Exercise data:
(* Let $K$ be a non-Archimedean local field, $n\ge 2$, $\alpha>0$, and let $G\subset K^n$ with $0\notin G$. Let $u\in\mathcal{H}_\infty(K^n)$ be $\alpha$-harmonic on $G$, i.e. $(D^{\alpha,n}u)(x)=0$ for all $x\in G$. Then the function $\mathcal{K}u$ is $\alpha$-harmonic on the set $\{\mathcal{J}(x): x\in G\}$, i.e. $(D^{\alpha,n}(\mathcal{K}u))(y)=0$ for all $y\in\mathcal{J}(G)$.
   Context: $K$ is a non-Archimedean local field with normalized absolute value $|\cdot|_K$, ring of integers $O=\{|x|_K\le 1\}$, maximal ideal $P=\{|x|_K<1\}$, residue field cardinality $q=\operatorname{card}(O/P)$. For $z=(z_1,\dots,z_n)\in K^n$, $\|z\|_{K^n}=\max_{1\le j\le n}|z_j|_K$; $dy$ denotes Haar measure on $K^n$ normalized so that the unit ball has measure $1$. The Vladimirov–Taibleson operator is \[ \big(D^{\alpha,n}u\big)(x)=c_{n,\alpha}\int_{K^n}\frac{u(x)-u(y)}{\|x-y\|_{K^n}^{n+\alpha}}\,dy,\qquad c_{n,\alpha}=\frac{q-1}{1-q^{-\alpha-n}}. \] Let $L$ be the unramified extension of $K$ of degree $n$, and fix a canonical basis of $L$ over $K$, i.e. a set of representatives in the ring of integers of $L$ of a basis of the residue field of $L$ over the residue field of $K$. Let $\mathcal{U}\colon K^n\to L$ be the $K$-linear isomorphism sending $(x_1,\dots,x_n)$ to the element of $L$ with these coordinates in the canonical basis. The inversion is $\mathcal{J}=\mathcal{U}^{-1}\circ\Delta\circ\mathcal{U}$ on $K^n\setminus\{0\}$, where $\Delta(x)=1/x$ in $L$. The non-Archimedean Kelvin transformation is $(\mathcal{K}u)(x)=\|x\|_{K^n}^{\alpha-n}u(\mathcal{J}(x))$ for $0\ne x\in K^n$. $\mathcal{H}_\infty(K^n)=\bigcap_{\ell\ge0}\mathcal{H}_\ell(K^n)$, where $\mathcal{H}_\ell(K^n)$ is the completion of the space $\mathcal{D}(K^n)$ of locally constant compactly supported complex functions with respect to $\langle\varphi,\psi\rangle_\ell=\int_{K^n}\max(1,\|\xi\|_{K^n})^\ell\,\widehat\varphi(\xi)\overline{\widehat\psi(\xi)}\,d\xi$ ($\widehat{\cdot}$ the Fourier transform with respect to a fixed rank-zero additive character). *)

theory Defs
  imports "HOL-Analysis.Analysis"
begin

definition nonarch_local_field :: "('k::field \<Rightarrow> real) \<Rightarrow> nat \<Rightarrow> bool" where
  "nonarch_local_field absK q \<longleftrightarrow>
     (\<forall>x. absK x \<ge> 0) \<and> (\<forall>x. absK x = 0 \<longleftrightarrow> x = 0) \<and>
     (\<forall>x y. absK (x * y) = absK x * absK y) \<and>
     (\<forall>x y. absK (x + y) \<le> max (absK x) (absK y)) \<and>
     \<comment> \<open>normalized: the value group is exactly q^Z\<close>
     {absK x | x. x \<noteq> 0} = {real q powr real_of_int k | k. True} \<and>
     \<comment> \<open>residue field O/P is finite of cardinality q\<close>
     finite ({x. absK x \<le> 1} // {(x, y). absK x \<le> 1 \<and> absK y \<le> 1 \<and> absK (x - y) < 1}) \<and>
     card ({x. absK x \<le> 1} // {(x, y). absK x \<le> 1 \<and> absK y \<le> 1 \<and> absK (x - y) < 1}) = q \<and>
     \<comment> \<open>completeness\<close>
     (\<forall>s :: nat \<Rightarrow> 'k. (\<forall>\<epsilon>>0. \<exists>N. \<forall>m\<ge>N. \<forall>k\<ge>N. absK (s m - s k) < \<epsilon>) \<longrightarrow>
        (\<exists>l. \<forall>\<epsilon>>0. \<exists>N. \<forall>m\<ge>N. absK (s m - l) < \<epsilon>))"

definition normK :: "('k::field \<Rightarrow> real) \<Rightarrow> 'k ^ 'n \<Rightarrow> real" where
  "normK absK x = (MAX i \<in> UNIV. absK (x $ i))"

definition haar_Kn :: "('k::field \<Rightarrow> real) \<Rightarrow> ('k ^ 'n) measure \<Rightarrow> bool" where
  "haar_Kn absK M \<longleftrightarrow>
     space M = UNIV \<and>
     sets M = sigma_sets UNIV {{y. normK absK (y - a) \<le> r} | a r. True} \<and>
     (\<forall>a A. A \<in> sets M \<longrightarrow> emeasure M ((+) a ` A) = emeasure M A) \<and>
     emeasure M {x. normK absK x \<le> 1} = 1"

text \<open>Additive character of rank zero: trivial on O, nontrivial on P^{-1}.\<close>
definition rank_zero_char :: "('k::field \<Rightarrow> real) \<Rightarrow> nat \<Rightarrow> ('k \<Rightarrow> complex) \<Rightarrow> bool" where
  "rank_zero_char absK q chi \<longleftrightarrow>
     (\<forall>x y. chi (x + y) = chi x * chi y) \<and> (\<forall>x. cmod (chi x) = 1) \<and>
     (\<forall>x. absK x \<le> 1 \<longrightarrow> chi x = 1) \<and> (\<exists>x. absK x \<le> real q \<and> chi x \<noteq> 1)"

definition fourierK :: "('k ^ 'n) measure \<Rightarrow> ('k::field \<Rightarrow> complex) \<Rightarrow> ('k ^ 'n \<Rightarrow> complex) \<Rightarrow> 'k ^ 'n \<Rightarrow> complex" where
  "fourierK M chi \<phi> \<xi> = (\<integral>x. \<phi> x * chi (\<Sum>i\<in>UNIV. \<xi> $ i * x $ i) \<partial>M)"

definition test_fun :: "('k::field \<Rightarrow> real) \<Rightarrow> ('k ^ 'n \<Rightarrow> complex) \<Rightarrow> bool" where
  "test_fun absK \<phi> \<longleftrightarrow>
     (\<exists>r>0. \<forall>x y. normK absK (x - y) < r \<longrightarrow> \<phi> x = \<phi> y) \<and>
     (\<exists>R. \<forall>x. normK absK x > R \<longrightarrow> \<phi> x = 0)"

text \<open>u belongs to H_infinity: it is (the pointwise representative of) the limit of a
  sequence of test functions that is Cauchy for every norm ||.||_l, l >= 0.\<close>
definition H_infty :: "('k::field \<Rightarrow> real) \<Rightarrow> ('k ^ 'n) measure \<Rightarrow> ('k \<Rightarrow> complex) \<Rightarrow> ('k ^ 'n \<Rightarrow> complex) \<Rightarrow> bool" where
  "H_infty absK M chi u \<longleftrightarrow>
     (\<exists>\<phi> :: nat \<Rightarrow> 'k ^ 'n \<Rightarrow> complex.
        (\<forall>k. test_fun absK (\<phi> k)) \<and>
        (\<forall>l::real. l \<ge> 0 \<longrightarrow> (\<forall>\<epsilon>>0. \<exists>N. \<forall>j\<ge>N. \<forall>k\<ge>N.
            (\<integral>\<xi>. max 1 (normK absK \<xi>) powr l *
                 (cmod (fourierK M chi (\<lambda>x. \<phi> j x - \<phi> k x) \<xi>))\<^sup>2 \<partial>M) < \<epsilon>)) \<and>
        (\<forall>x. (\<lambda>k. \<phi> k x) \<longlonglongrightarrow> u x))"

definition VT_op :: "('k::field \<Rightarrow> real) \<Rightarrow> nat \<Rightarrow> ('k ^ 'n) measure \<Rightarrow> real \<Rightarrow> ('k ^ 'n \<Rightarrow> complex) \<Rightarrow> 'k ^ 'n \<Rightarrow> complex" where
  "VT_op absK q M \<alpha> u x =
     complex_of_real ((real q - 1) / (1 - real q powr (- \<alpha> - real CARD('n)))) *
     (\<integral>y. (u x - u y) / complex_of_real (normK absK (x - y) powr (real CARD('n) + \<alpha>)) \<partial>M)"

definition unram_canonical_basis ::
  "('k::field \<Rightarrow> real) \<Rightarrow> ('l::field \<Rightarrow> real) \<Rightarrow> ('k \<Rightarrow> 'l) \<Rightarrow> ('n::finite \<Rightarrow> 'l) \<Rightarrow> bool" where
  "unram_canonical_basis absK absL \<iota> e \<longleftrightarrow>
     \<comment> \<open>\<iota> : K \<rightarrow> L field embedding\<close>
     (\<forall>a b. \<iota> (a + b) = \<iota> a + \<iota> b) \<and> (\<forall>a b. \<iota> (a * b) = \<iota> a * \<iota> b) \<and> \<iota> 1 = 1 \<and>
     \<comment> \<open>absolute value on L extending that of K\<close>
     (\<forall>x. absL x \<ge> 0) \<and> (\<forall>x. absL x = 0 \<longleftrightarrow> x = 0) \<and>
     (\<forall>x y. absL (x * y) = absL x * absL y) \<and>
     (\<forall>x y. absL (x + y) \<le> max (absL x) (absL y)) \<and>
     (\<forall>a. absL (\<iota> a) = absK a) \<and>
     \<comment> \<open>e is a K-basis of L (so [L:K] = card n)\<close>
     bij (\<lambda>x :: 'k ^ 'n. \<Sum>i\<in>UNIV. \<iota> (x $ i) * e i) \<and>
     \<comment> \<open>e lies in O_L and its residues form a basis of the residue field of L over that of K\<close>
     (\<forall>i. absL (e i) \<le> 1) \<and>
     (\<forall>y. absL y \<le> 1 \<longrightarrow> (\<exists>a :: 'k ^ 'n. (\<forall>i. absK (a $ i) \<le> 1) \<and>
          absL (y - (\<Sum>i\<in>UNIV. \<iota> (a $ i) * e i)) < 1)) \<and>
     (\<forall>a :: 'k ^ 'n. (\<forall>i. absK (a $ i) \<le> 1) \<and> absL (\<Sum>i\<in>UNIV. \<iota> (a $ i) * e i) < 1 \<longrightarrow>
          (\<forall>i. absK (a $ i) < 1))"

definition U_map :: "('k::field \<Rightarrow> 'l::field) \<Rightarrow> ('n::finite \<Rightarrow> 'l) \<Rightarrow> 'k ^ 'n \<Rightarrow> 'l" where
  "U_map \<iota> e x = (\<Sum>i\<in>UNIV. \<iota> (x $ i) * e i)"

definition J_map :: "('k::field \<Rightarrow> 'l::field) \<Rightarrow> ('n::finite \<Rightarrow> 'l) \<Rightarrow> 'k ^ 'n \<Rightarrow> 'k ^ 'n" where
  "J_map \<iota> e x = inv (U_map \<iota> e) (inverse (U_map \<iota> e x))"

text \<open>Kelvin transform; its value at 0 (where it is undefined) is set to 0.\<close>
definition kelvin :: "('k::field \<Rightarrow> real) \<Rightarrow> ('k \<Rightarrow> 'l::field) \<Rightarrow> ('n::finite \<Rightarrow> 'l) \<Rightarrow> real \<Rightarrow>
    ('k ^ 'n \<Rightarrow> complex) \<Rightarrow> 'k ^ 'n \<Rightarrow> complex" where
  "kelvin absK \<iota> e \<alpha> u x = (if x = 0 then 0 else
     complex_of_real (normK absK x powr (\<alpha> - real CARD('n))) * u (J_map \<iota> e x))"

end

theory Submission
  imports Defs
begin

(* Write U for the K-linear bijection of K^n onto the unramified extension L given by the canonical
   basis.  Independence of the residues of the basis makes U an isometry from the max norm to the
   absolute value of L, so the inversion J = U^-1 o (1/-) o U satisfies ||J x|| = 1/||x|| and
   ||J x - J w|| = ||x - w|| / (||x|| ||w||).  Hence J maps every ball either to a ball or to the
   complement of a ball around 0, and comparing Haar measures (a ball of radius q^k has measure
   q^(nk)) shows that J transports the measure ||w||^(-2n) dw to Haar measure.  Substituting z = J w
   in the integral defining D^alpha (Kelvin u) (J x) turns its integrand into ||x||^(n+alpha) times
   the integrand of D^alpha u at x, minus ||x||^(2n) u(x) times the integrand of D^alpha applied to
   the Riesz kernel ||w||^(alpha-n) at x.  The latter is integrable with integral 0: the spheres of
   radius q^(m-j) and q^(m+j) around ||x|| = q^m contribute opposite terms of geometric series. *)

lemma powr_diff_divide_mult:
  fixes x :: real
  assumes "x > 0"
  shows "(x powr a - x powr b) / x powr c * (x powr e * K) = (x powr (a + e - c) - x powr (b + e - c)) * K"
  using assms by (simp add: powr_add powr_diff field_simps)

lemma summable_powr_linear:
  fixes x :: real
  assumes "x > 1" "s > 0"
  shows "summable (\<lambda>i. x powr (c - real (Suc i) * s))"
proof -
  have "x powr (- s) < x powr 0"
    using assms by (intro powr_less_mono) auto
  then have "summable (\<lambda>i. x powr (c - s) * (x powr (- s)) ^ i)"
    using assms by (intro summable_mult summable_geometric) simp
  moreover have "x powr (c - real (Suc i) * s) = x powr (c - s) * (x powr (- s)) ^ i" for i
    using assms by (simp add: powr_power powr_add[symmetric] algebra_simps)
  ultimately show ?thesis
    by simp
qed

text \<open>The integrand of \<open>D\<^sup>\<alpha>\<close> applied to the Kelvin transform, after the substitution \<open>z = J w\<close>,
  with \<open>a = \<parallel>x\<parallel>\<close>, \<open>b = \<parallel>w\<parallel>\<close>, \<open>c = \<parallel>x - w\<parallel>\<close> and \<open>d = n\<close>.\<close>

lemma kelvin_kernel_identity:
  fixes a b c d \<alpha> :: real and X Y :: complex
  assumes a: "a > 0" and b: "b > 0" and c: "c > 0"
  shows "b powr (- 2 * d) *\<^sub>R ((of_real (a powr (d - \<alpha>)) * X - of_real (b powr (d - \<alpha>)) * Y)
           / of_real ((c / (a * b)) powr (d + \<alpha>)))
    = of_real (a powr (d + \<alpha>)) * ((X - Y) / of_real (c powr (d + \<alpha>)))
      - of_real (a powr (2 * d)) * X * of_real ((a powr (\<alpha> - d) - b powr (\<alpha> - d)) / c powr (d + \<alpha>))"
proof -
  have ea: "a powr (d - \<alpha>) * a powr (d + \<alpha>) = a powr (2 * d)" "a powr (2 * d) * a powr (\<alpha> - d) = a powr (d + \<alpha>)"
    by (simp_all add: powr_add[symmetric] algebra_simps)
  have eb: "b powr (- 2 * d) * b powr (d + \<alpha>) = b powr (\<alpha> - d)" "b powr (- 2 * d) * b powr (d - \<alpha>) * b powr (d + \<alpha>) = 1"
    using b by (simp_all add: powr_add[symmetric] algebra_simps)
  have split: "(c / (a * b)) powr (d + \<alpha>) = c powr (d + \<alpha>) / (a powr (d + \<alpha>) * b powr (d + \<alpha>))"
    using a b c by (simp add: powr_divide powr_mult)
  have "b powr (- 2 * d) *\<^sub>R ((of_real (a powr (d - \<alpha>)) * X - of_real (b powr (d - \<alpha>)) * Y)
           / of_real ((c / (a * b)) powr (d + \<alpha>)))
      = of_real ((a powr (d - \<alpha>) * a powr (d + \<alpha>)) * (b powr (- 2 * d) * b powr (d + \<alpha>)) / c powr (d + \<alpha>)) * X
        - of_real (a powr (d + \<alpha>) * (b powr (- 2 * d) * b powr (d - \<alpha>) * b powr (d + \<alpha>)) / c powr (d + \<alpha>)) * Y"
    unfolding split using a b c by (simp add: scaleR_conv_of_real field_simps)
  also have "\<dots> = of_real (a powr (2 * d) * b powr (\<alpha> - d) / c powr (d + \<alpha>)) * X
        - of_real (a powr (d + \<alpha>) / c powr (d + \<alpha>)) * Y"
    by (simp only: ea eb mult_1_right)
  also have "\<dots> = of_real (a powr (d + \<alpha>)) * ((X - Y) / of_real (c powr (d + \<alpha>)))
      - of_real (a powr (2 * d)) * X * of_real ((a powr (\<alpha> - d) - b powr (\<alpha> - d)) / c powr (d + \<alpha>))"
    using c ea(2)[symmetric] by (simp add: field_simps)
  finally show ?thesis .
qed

Work item:
Copy each line of the entries in which the string "applied" is found.

Exercise result:
   the integrand of D^alpha u at x, minus ||x||^(2n) u(x) times the integrand of D^alpha applied to
text \<open>The integrand of \<open>D\<^sup>\<alpha>\<close> applied to the Kelvin transform, after the substitution \<open>z = J w\<close>,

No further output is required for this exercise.